Today a trusted friend informed me that 1) I send mixed messages and 2) people pleasing , approval seeking has to go, be broken off once and for all….which will end the mixed messages. Brilliant. So we did.
Another trusted friend reminded me of several posts on this very site. about acceleration, awkward moments, head shaking. A diamond in the rough I keep setting myself up to be. A Jewel of God I am really, prepared by Him to be launched or put on a balcony, whatever you do with gems. Residue? Some. Get rid of it. Brilliant.
Truth is these stories speak my heart …which until now, I lay out then pull back or cover up lest it be seen as too much, misunderstood, rejected, not enough. Truth is all those things happen no matter. Words that should speak truth suddenly turn ambiguous lest they or I seem foolish. In doing so, that ole desire for approval wins out over God’s Voice saying be still Child, I have a plan.
Truth is that the folks who hear my heart do, It is a gift, to which they respond. Knowing the Truth in the words and the message. Small gifts. Gifts shared. Patience, Goodness, Kindness. To them I respond. Rightly.
Truth is there are folks who don’t . To them I might react. The problem with trying to explain things (esp when there is no need,) is that it sends mixed messages to someone and impacts everyone. ‘Collateral damage’. Not so brilliant.
Speaking to many women tis true. (IS 61.) I speak for myself too. The truth about my heart, hopes, revelations and restoration. I will enjoy the journey and gifts along the way. There is no longer embarrassment, guilt or shame of my story, dreams, hopes, Heart..Gifts.

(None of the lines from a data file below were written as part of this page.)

lemma nn_integral_exp_square_conditional_le:
  fixes F :: "('i \<Rightarrow> real) \<Rightarrow> ennreal" and a :: "('i \<Rightarrow> real) \<Rightarrow> 'i \<Rightarrow> real"
  assumes I: "finite I" and JI: "J \<subseteq> I"
    and F_meas: "F \<in> borel_measurable (gaussians I)"
    and G_meas: "(\<lambda>\<omega>. \<Sum>j\<in>J. a \<omega> j * \<omega> j) \<in> borel_measurable (gaussians I)"
    and F_off_J: "\<And>\<omega> \<omega>'. (\<forall>i. i \<notin> J \<longrightarrow> \<omega> i = \<omega>' i) \<Longrightarrow> F \<omega> = F \<omega>'"
    and a_off_J: "\<And>\<omega> \<omega>'. (\<forall>i. i \<notin> J \<longrightarrow> \<omega> i = \<omega>' i) \<Longrightarrow> a \<omega> = a \<omega>'"
    and a_bound: "\<And>\<omega>. \<omega> \<in> space (gaussians I) \<Longrightarrow> F \<omega> \<noteq> 0 \<Longrightarrow> (\<Sum>j\<in>J. (a \<omega> j)\<^sup>2) \<le> S"
  shows "(\<integral>\<^sup>+\<omega>. F \<omega> * ennreal (exp ((\<Sum>j\<in>J. a \<omega> j * \<omega> j)\<^sup>2 / (4 * S))) \<partial>gaussians I)
           \<le> ennreal (sqrt 2) * (\<integral>\<^sup>+\<omega>. F \<omega> \<partial>gaussians I)"
proof -
  define K where "K = I - J"
  have I_eq: "I = K \<union> J" and disj: "K \<inter> J = {}" using JI by (auto simp: K_def)
  have K: "finite K" and J: "finite J" using I JI by (auto simp: K_def intro: finite_subset)
  note fold = product_sigma_finite.product_nn_integral_fold[OF product_sigma_finite_std_normal disj K J]
  define \<omega>0 :: "'i \<Rightarrow> real" where "\<omega>0 = (\<lambda>j\<in>J. 0)"
  define ext where "ext x = merge K J (x, \<omega>0)" for x
  have "\<omega>0 \<in> space (gaussians J)" by (simp add: \<omega>0_def space_PiM)
  then have ext_meas: "ext \<in> measurable (gaussians K) (gaussians I)"
    unfolding ext_def I_eq by measurable
  have merge_off_J: "\<forall>i. i \<notin> J \<longrightarrow> merge K J (x, y) i = ext x i" for x y
    by (auto simp: ext_def merge_def K_def)
  have merge_J: "merge K J (x, y) j = y j" if "j \<in> J" for x y j
    using that disj by (auto simp: merge_def)
  have integrand_meas: "(\<lambda>\<omega>. F \<omega> * ennreal (exp ((\<Sum>j\<in>J. a \<omega> j * \<omega> j)\<^sup>2 / (4 * S))))
      \<in> borel_measurable (gaussians (K \<union> J))"
    using F_meas G_meas I_eq by simp
  define E where "E x = (\<integral>\<^sup>+y. ennreal (exp ((\<Sum>j\<in>J. a (ext x) j * y j)\<^sup>2 / (4 * S))) \<partial>gaussians J)" for x
  have E: "E x \<le> ennreal (sqrt 2)" if "x \<in> space (gaussians K)" "F (ext x) \<noteq> 0" for x
    unfolding E_def
  proof (rule nn_integral_exp_square_linear_comb_le[OF J a_bound[OF _ that(2)]])
    show "ext x \<in> space (gaussians I)"
      using that(1) measurable_space[OF ext_meas] by simp
  qed
  \<comment> \<open>Integrate first over the coordinates in J, on which F and a are constant.\<close>
  have "(\<integral>\<^sup>+\<omega>. F \<omega> * ennreal (exp ((\<Sum>j\<in>J. a \<omega> j * \<omega> j)\<^sup>2 / (4 * S))) \<partial>gaussians I)
     = (\<integral>\<^sup>+x. (\<integral>\<^sup>+y. F (merge K J (x, y))
          * ennreal (exp ((\<Sum>j\<in>J. a (merge K J (x, y)) j * merge K J (x, y) j)\<^sup>2 / (4 * S))) \<partial>gaussians J) \<partial>gaussians K)"
    unfolding I_eq by (rule fold[OF integrand_meas])
  also have "\<dots> = (\<integral>\<^sup>+x. F (ext x) * E x \<partial>gaussians K)"
    by (intro nn_integral_cong)
      (simp add: E_def F_off_J[OF merge_off_J] a_off_J[OF merge_off_J] merge_J nn_integral_cmult)
  also have "\<dots> \<le> (\<integral>\<^sup>+x. F (ext x) * ennreal (sqrt 2) \<partial>gaussians K)"
  proof (intro nn_integral_mono)
    fix x assume "x \<in> space (gaussians K)"
    then show "F (ext x) * E x \<le> F (ext x) * ennreal (sqrt 2)"
      by (cases "F (ext x) = 0") (simp_all add: E mult_left_mono)
  qed
  also have "\<dots> = ennreal (sqrt 2) * (\<integral>\<^sup>+x. F (ext x) \<partial>gaussians K)"
    using measurable_comp[OF ext_meas F_meas]
    by (subst nn_integral_cmult[symmetric]) (auto simp: comp_def mult.commute)
  also have "(\<integral>\<^sup>+x. F (ext x) \<partial>gaussians K) = (\<integral>\<^sup>+\<omega>. F \<omega> \<partial>gaussians I)"
  proof -
    have "(\<integral>\<^sup>+\<omega>. F \<omega> \<partial>gaussians I) = (\<integral>\<^sup>+x. (\<integral>\<^sup>+y. F (merge K J (x, y)) \<partial>gaussians J) \<partial>gaussians K)"
      unfolding I_eq by (rule fold) (use F_meas I_eq in simp)
    also have "\<dots> = (\<integral>\<^sup>+x. F (ext x) \<partial>gaussians K)"
      by (simp add: F_off_J[OF merge_off_J] prob_space.emeasure_space_1[OF prob_space_gaussians])
    finally show ?thesis by simp
  qed
  finally show ?thesis .
qed
lemma cross2_focal_condition_iff:
  assumes ne: "norm e < a" "norm e' < a'"
    and quad: "ellipse_quad a' e' w * ellipse_quad_det a e = ellipse_quad a e d * ellipse_quad_det a' e'"
    and cross: "(cross2 w y)\<^sup>2 * ellipse_quad_det a e = (cross2 d e)\<^sup>2 * ellipse_quad_det a' e'"
  shows "(cross2 w e')\<^sup>2 = (cross2 w y)\<^sup>2 \<longleftrightarrow> a' * norm d = a * norm w"
proof -
  define \<beta> where "\<beta> = a\<^sup>2 - e \<bullet> e"
  define \<beta>' where "\<beta>' = a'\<^sup>2 - e' \<bullet> e'"
  have a: "a > 0" "a' > 0"
    using ne norm_ge_zero[of e] norm_ge_zero[of e'] by linarith+
  have \<beta>: "\<beta> > 0" "\<beta>' > 0"
    using norm_lt_imp_sq_inner_lt ne by (auto simp: \<beta>_def \<beta>'_def)
  have K: "ellipse_quad_det a e = a\<^sup>2 * \<beta>" "ellipse_quad_det a' e' = a'\<^sup>2 * \<beta>'"
    by (simp_all add: ellipse_quad_det_def \<beta>_def \<beta>'_def)
  have "(cross2 w e')\<^sup>2 = (cross2 w y)\<^sup>2 \<longleftrightarrow>
          (cross2 w e')\<^sup>2 * ellipse_quad_det a e = (cross2 w y)\<^sup>2 * ellipse_quad_det a e"
    using ellipse_quad_det_pos[OF ne(1)] by simp
  also have "\<dots> \<longleftrightarrow> \<beta> * (d \<bullet> d) * (a'\<^sup>2 * \<beta>') = \<beta>' * (w \<bullet> w) * (a\<^sup>2 * \<beta>)"
    unfolding cross cross2_sq_focal_vector[of w e' a'] cross2_sq_focal_vector[of d e a]
      \<beta>_def [symmetric] \<beta>'_def [symmetric]
    using quad by (simp add: K algebra_simps)
  also have "\<dots> \<longleftrightarrow> (a' * norm d)\<^sup>2 = (a * norm w)\<^sup>2"
    using \<beta> by (simp add: power_mult_distrib power2_norm_eq_inner algebra_simps)
  also have "\<dots> \<longleftrightarrow> a' * norm d = a * norm w"
    using a by (auto simp: power2_eq_iff_nonneg)
  finally show ?thesis .
qed

lemma preserves_focal_chords_iff:
  fixes f :: "real^2 \<Rightarrow> real^2"
  assumes ne: "norm e < a" "norm e' < a'" and f: "linear f" "bij f" and d: "d \<noteq> 0"
    and rel: "\<And>y. ellipse_quad a' e' (f y) * ellipse_quad_det a e = ellipse_quad a e y * ellipse_quad_det a' e'"
  shows "preserves_focal_chords (\<lambda>x. f x + b) (ellipse (c - e) (c + e) (2 * a)) d \<longleftrightarrow>
           a' * norm d = a * norm (f d)"
proof -
  have img: "(\<lambda>x. f x + b) ` ellipse (c - e) (c + e) (2 * a) = ellipse (f c + b - e') (f c + b + e') (2 * a')"
    using affine_image_ellipse[OF ne f rel] .
  have fd: "f d \<noteq> 0"
    using d f linear_0[OF f(1)] by (metis bij_def injD)
  have "preserves_focal_chords (\<lambda>x. f x + b) (ellipse (c - e) (c + e) (2 * a)) d \<longleftrightarrow>
          (cross2 (f d) e')\<^sup>2 = (cross2 (f d) (f e))\<^sup>2"
    using preserves_focal_chords_imp_cross2[OF ne f(1) d img] cross2_imp_preserves_focal_chords[OF ne f(1) fd img]
    by blast
  also have "\<dots> \<longleftrightarrow> a' * norm d = a * norm (f d)"
    using cross2_focal_condition_iff[OF ne rel cross2_sq_linear_image[OF ne f(1) rel]] .
  finally show ?thesis .
qed

theorem proposition6:
  fixes E :: "(real^2) set" and p q :: "real^2" and g :: "real^2 \<Rightarrow> real^2"
  assumes "is_ellipse E"
    and "is_chord E p q"
    and "affine_bijection g"
  defines "P1 \<equiv> (\<forall>u v F. is_chord E u v \<and> (\<exists>t. v - u = t *\<^sub>R (q - p))
                      \<and> is_focus E F \<and> F \<in> closed_segment u v
                  \<longrightarrow> (\<exists>F'. is_focus (g ` E) F' \<and> F' \<in> g ` closed_segment u v))"
    and "P2 \<equiv> dist (g p) (g q) = dist p q"
    and "P3 \<equiv> major_axis_length (g ` E) = major_axis_length E"
  shows "(P1 \<and> P2 \<longrightarrow> P3) \<and> (P1 \<and> P3 \<longrightarrow> P2) \<and> (P2 \<and> P3 \<longrightarrow> P1)"
proof -
  obtain c e a where ne: "norm e < a" and E: "E = ellipse (c - e) (c + e) (2 * a)"
    using is_ellipse_centered_form[OF assms(1)] by blast
  obtain f b where f: "linear f" "bij f" and g: "g = (\<lambda>x. f x + b)"
    using assms(3) unfolding affine_bijection_def by blast
  obtain e' a' where ne': "norm e' < a'" and
      rel: "\<And>y. ellipse_quad a' e' (f y) * ellipse_quad_det a e = ellipse_quad a e y * ellipse_quad_det a' e'"
    using ellipse_quad_linear_pullback[OF ne f] by blast
  have d: "q - p \<noteq> 0"
    using assms(2) by (auto simp: is_chord_def)
  have "P1 \<longleftrightarrow> a' * norm (q - p) = a * norm (f (q - p))"
    using preserves_focal_chords_iff[OF ne ne' f d rel]
    by (simp add: P1_def preserves_focal_chords_def E g)
  moreover have "P2 \<longleftrightarrow> norm (f (q - p)) = norm (q - p)"
    by (simp add: P2_def g dist_norm linear_diff[OF f(1)] norm_minus_commute)
  moreover have "P3 \<longleftrightarrow> a' = a"
    using major_axis_length_ellipse[OF ne] major_axis_length_ellipse[OF ne']
    by (simp add: P3_def E g affine_image_ellipse[OF ne ne' f rel])
  moreover have "a > 0"
    using ne norm_ge_zero[of e] by linarith
  moreover have "norm (q - p) > 0"
    using d by simp
  ultimately show ?thesis
    by auto
qed

end
(* Let $0\le\delta<1$, $\beta\in(0,1-\delta)$, and $w_1,\dots,w_\ell\in\mathbb{R}^n$ with $\ell=\delta n$. Consider the semidefinite program: minimize $\sum_{i=1}^n q_i$ over $\eta\in\mathbb{R}^\ell$, $q\in\mathbb{R}^n$ with $q\ge0$, and $n\times n$ positive semidefinite $G$, subject to \[ \sum_{k=1}^\ell\eta_k w_kw_k^T+G-\frac1\beta\mathrm{diag}(G)+\sum_{i=1}^n q_ie_ie_i^T\succeq I. \] Then every feasible solution has objective value at least $(1-\delta-\beta)n$; in particular its optimum value is at least $(1-\delta-\beta)n$.
   Context: $e_i$ is the $i$-th standard basis vector, $I$ the identity, $\mathrm{diag}(G)$ the diagonal part of $G$, and $\succeq$ the positive semidefinite order. *)

theory Defs
  imports "HOL-Analysis.Analysis"
begin

definition psd :: "real^'n^'n \<Rightarrow> bool" where
  "psd M \<longleftrightarrow> transpose M = M \<and> (\<forall>x. 0 \<le> x \<bullet> (M *v x))"

definition loewner_ge :: "real^'n^'n \<Rightarrow> real^'n^'n \<Rightarrow> bool" where
  "loewner_ge A B \<longleftrightarrow> psd (A - B)"

definition outer :: "real^'n \<Rightarrow> real^'n^'n" where
  "outer w = (\<chi> i j. w $ i * w $ j)"

definition diag_part :: "real^'n^'n \<Rightarrow> real^'n^'n" where
  "diag_part G = (\<chi> i j. if i = j then G $ i $ j else 0)"

definition e_vec :: "'n::finite \<Rightarrow> real^'n" where
  "e_vec i = (\<chi> j. if j = i then 1 else 0)"

end

theory Submission
  imports Defs
begin

text \<open>Write \<open>M = G - \<beta>\<^sup>-\<^sup>1 diag(G)\<close> and \<open>Q = diag(q)\<close>. Let \<open>W\<close> be a subspace of maximal
  dimension on which \<open>M\<close> is positive definite. Rescaling by \<open>diag(G)^(-1/2)\<close> maps \<open>W\<close>
  injectively onto a subspace on which the correlation matrix of \<open>G\<close> dominates \<open>\<beta>\<^sup>-\<^sup>1 I\<close>;
  that matrix is PSD with trace at most \<open>n\<close>, so \<open>dim W \<le> \<beta> n\<close>. By maximality \<open>M\<close> is
  negative semidefinite on the orthogonal complement \<open>U\<close> of the \<open>w\<^sub>k\<close> and of \<open>M W\<close>, where
  the constraint therefore reads \<open>u\<^sup>T Q u \<ge> |u|\<^sup>2\<close>. Hence
  \<open>\<Sum> q\<^sub>i = tr Q \<ge> dim U \<ge> n - \<ell> - \<beta> n = (1 - \<delta> - \<beta>) n\<close>.\<close>

definition quad_form :: "real^'n^'n \<Rightarrow> real^'n \<Rightarrow> real" where
  "quad_form A x = x \<bullet> (A *v x)"

lemma quad_form_expand: "quad_form A x = (\<Sum>i\<in>UNIV. \<Sum>j\<in>UNIV. A$i$j * x$i * x$j)"
  unfolding quad_form_def inner_vec_def matrix_vector_mult_def
  by (simp add: sum_distrib_left mult_ac)

lemma quad_form_add: "quad_form (A + B) x = quad_form A x + quad_form B x"
  by (simp add: quad_form_def matrix_vector_mult_add_rdistrib inner_add_right)

lemma quad_form_diff: "quad_form (A - B) x = quad_form A x - quad_form B x"
  by (simp add: quad_form_def matrix_vector_mult_diff_rdistrib inner_diff_right)

lemma quad_form_scaleR: "quad_form (c *\<^sub>R A) x = c * quad_form A x"
  by (simp add: quad_form_expand sum_distrib_left mult_ac)

lemma quad_form_sum: "finite S \<Longrightarrow> quad_form (\<Sum>k\<in>S. A k) x = (\<Sum>k\<in>S. quad_form (A k) x)"
  by (induction S rule: finite_induct) (simp_all add: quad_form_add, simp add: quad_form_def)

lemma quad_form_mat_1 [simp]: "quad_form (mat 1) x = x \<bullet> x"
  by (simp add: quad_form_def)

lemma quad_form_outer: "quad_form (outer w) x = (w \<bullet> x)\<^sup>2"
  by (simp add: quad_form_expand outer_def inner_vec_def power2_eq_square
      sum_distrib_left sum_distrib_right mult_ac)

lemma quad_form_diag_part: "quad_form (diag_part G) x = (\<Sum>i\<in>UNIV. G$i$i * (x$i)\<^sup>2)"
proof -
  have "quad_form (diag_part G) x = (\<Sum>i\<in>UNIV. \<Sum>j\<in>UNIV. if j = i then G$i$i * x$i * x$i else 0)"
    unfolding quad_form_expand diag_part_def by (intro sum.cong refl) auto
  then show ?thesis by (simp add: power2_eq_square mult_ac)
qed

lemma quad_form_add_vectors:
  "quad_form A (x + y) = quad_form A x + x \<bullet> (A *v y) + y \<bullet> (A *v x) + quad_form A y"
  by (simp add: quad_form_def matrix_vector_right_distrib inner_add_left inner_add_right)

lemma quad_form_scaleR_vector: "quad_form A (c *\<^sub>R x) = c\<^sup>2 * quad_form A x"
  by (simp add: quad_form_def matrix_vector_mult_scaleR power2_eq_square)

lemma e_vec_eq_axis: "e_vec i = axis i 1"
  by (simp add: e_vec_def axis_def)

lemma inner_axis_matrix_vector_axis: "axis i 1 \<bullet> (A *v axis j 1) = A$i$j"
  by (simp add: inner_axis' matrix_vector_mult_basis column_def)

lemma quad_form_axis: "quad_form A (axis i 1) = A$i$i"
  by (simp add: quad_form_def inner_axis_matrix_vector_axis)

lemma psd_iff_quad_form: "psd A \<longleftrightarrow> transpose A = A \<and> (\<forall>x. 0 \<le> quad_form A x)"
  by (simp add: psd_def quad_form_def)

lemma loewner_ge_mat_1_imp_quad_form_ge: "loewner_ge A (mat 1) \<Longrightarrow> x \<bullet> x \<le> quad_form A x"
  by (auto simp: loewner_ge_def psd_iff_quad_form quad_form_diff)

lemma quad_form_diagonal:
  "quad_form (\<Sum>i\<in>UNIV. q$i *\<^sub>R outer (e_vec i)) x = (\<Sum>i\<in>UNIV. q$i * (x$i)\<^sup>2)"
  by (simp add: quad_form_sum quad_form_scaleR quad_form_outer e_vec_eq_axis inner_axis')

lemma trace_diagonal: "trace (\<Sum>i\<in>UNIV. q$i *\<^sub>R outer (e_vec i)) = (\<Sum>i\<in>UNIV. q$i)"
proof -
  have "(\<Sum>i\<in>UNIV. q$i *\<^sub>R outer (e_vec i)) $ j $ j = q$j" for j
  proof -
    have "q$i * (axis j 1 $ i)\<^sup>2 = (if i = j then q$j else 0)" for i
      by (simp add: axis_def)
    then show ?thesis
      using quad_form_diagonal[of q "axis j 1"] by (simp add: quad_form_axis)
  qed
  then show ?thesis by (simp add: trace_def)
qed

lemma psd_diag_nonneg: "psd G \<Longrightarrow> 0 \<le> G$i$i"
  by (metis psd_iff_quad_form quad_form_axis)

lemma psd_symmetric:
  assumes "psd G"
  shows "G$j$i = G$i$j"
proof -
  from assms have "transpose G $ i $ j = G $ i $ j" by (simp add: psd_def)
  then show ?thesis by (simp add: transpose_def)
qed

lemma psd_zero_diag_imp_zero:
  assumes "psd G" and zero: "G$a$a = 0"
  shows "G$a$c = 0"
proof (cases "a = c")
  case True
  with zero show ?thesis by simp
next
  case False
  have affine: "0 \<le> 2 * t * G$a$c + G$c$c" for t
  proof -
    have "quad_form G (t *\<^sub>R axis a 1 + axis c 1) = 2 * t * G$a$c + G$c$c"
      by (simp add: quad_form_add_vectors quad_form_scaleR_vector quad_form_axis
          matrix_vector_mult_scaleR inner_axis_matrix_vector_axis zero psd_symmetric[OF \<open>psd G\<close>])
    with \<open>psd G\<close> show ?thesis by (metis psd_iff_quad_form)
  qed
  show ?thesis
  proof (rule ccontr)
    assume "G$a$c \<noteq> 0"
    then have "2 * (- (G$c$c + 1) / (2 * G$a$c)) * G$a$c + G$c$c = -1"
      by (simp add: field_simps)
    with affine[of "- (G$c$c + 1) / (2 * G$a$c)"] show False by linarith
  qed
qed

text \<open>Where \<open>G$i$i = 0\<close> the division by zero makes the \<open>i\<close>-th row and column of
  the correlation matrix vanish; for PSD \<open>G\<close> that row and column of \<open>G\<close> vanish too.\<close>

definition correlation :: "real^'n^'n \<Rightarrow> real^'n^'n" where
  "correlation G = (\<chi> i j. G$i$j / (sqrt (G$i$i) * sqrt (G$j$j)))"

definition sqrt_diag :: "real^'n^'n \<Rightarrow> real^'n^'n" where
  "sqrt_diag G = (\<chi> i j. if i = j then sqrt (G$i$i) else 0)"

lemma sqrt_diag_mult: "(sqrt_diag G *v x) $ i = sqrt (G$i$i) * x$i"
proof -
  have "(sqrt_diag G *v x) $ i = (\<Sum>j\<in>UNIV. if j = i then sqrt (G$i$i) * x$i else 0)"
    unfolding sqrt_diag_def matrix_vector_mult_def
    by (simp only: vec_lambda_beta) (intro sum.cong refl, simp)
  then show ?thesis by simp
qed

lemma quad_form_correlation_eq:
  "quad_form (correlation G) z = quad_form G (\<chi> i. z$i / sqrt (G$i$i))"
  unfolding quad_form_expand correlation_def by (simp add: divide_inverse mult_ac)

lemma correlation_quad_form_nonneg: "psd G \<Longrightarrow> 0 \<le> quad_form (correlation G) z"
  by (simp add: quad_form_correlation_eq psd_iff_quad_form)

God has released me from a season of Refiner’s Fire . Every last thing for 6 months all across the Game of Life Board that could be stretched or singed (or scorched!) was. A season of lessons for Resting in God’s plan. Peace. Fruit. Gifts. Blessings in Disguise. Acceleration.
Now a new season of stepping out into freedom~ feels wonderful. Out of the cage into the new season. For just a moment Friday I climbed back in to that cage and slammed the door ; afraid I had messed up. Truth is the messing up came when I inadvertently stomped on a gift of connection, by foolishly reacting to a perceived judgment by someone else. Brokenhearted that I did both.
Father God I ask you to help me walk in t he Gift of Freedom you have so graciously given. To hold onto the authority and uprightness that comes with being your chosen child. To be still when I want to react, knowing you are on it, To be still and enjoy every little Gift along the journey. To be still , recognize and rightly respond to every heart you bring to my Life . Amen.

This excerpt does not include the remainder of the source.